Regreso del volcán Irazú y veo un zopilote de cabeza oscura que sobrevuela un potrero. Tengo curiosidad por saber qué lo ha traído hasta ahí, así que detengo el carro al lado de la calle. En el cielo, otros zopilotes trazan círculos. Los observo con mis binoculares: no tienen la cabeza negra, sino roja.
Cuando regreso a la casa, busco más información. Los zopilotes de cabeza roja tienen un olfato extraordinario: detectan desde el aire los compuestos que libera un cuerpo en descomposición, incluso a más de dos kilómetros de distancia. También tienen una visión de gran alcance. Desde las alturas perciben cambios en el paisaje –el brillo de una piel, el movimiento de otros animales– y luego, cuando detectan su banquete, descienden como hélices guiadas por el hambre.
No necesitan matar. Solo llegar a tiempo, preferiblemente antes de que los de cabeza negra les roben el mandado.
Los zopilotes comen lo que nadie quiere tocar y, al hacerlo, limpian. Sus estómagos son pequeños laboratorios que neutralizan toxinas. Transforman en abono lo que es veneno para otros. Así, sin proponérselo, se ganan la medalla del reciclaje biológico.
Los carroñeros del pasado
Los carroñeros también dejaron huella en la historia de nuestro planeta. Hace unos 66 millones de años, cuando el impacto de un asteroide puso fin a la era de los dinosaurios, los primeros mamíferos –pequeños, oportunistas y omnívoros– aprovecharon la abundancia de materia orgánica para sobrevivir y ayudar a restablecer los ciclos ecológicos tras la catástrofe.
Mucho antes, en los océanos del Cámbrico –hace unos 540 millones de años–, criaturas sin mandíbula se deslizaban por el fondo marino succionando cuerpos blandos que caían desde la superficie. En el planeta existen varios sitios donde quedaron impresas sus formas: gusanos cubiertos de pequeñas espinas y trilobites que removían el sedimento en busca de restos. La muerte ya alimentaba la vida.

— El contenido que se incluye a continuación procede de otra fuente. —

(* For every $m\ge 0$, $$(1-x)a_{m+1}(x)=-2(1+x)(mx-2m+x-1)a_m(x)-2x(1+x)^2a_m'(x)+x(4mx-x-3)b_m(x)-4x^2(1+x)b_m'(x),$$ $$(x-1)b_{m+1}(x)=(4mx+x-1)a_m(x)-4x(1+x)a_m'(x)+(6mx-4m+x-3)(x+1)b_m(x)-2x(1+x)^2b_m'(x).$$
   Context: $P_m(x)=\sum_{i=0}^m d_i(m)x^i$ with $d_i(m)=2^{-2m}\sum_{k=i}^m 2^k\binom{2m-2k}{m-k}\binom{m+k}{k}\binom{k}{i}$; $Q_m(x)=2^m m!\,x^mP_m(1/x)$ (degree $m$). $(a_m(x),b_m(x))$ is the symmetric decomposition of $Q_m$: $a_m(x)=\frac{Q_m(x)-x^{m+1}Q_m(1/x)}{1-x}$, $b_m(x)=\frac{x^mQ_m(1/x)-Q_m(x)}{1-x}$, so $Q_m(x)=a_m(x)+xb_m(x)$. *)

theory Defs
  imports "HOL-Computational_Algebra.Polynomial"
begin

definition dcoef :: "nat \<Rightarrow> nat \<Rightarrow> real" where
  "dcoef i m = (\<Sum>k=i..m. 2^k * real ((2*m - 2*k) choose (m - k))
                 * real ((m + k) choose k) * real (k choose i)) / 4^m"

definition Ppoly :: "nat \<Rightarrow> real poly" where
  "Ppoly m = (\<Sum>i\<le>m. monom (dcoef i m) i)"

text \<open>Q_m(x) = 2^m m! x^m P_m(1/x) = sum_i 2^m m! d_i(m) x^(m-i)\<close>
definition Qpoly :: "nat \<Rightarrow> real poly" where
  "Qpoly m = smult (2^m * fact m) (\<Sum>i\<le>m. monom (dcoef i m) (m - i))"

text \<open>x^m Q_m(1/x) = 2^m m! P_m(x)\<close>
definition Qrev :: "nat \<Rightarrow> real poly" where
  "Qrev m = smult (2^m * fact m) (Ppoly m)"

text \<open>a_m = (Q_m(x) - x^(m+1) Q_m(1/x)) / (1-x)\<close>
definition apoly :: "nat \<Rightarrow> real poly" where
  "apoly m = (Qpoly m - pCons 0 (Qrev m)) div [:1, -1:]"

definition bpoly :: "nat \<Rightarrow> real poly" where
  "bpoly m = (Qrev m - Qpoly m) div [:1, -1:]"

A lo largo del tiempo, la Tierra ha transformado la materia de incontables maneras. Los mismos elementos que forman un zopilote –hierro, calcio, carbono– transitaron por volcanes, corales y bosques antiguos mucho antes de que existiera el ser humano. El mismo Irazú, que ha expulsado ceniza y bloques sobre los potreros cercanos, nos recuerda que el planeta se recicla: lo que hoy es polvo de roca, pronto será suelo, luego vida, y algún día, alimento para otros.
Porque la materia no se pierde; solo cambia de forma. Los fragmentos de un cometa, las cenizas de un volcán, los huesos de un animal: todo forma parte del mismo ciclo. En el centro de ese intercambio constante está el carbono, que viaja incansable del cuerpo a la roca, del suelo al aire, y regresa, una y otra vez, a la vida.
Aprender a soltar
Los zopilotes de cabeza roja continúan dibujando círculos sobre el cielo del Irazú, sin prisa por tocar tierra. Con una paciencia envidiable, demuestran una forma de aceptación silenciosa del orden del mundo. Los observo planear durante más de diez minutos. Se deslizan en espirales lentas, apenas corrigiendo el rumbo con un leve giro del ala. Su vuelo no corta el aire: lo habita. Desde abajo parecen suspendidos, sostenidos por una fuerza invisible.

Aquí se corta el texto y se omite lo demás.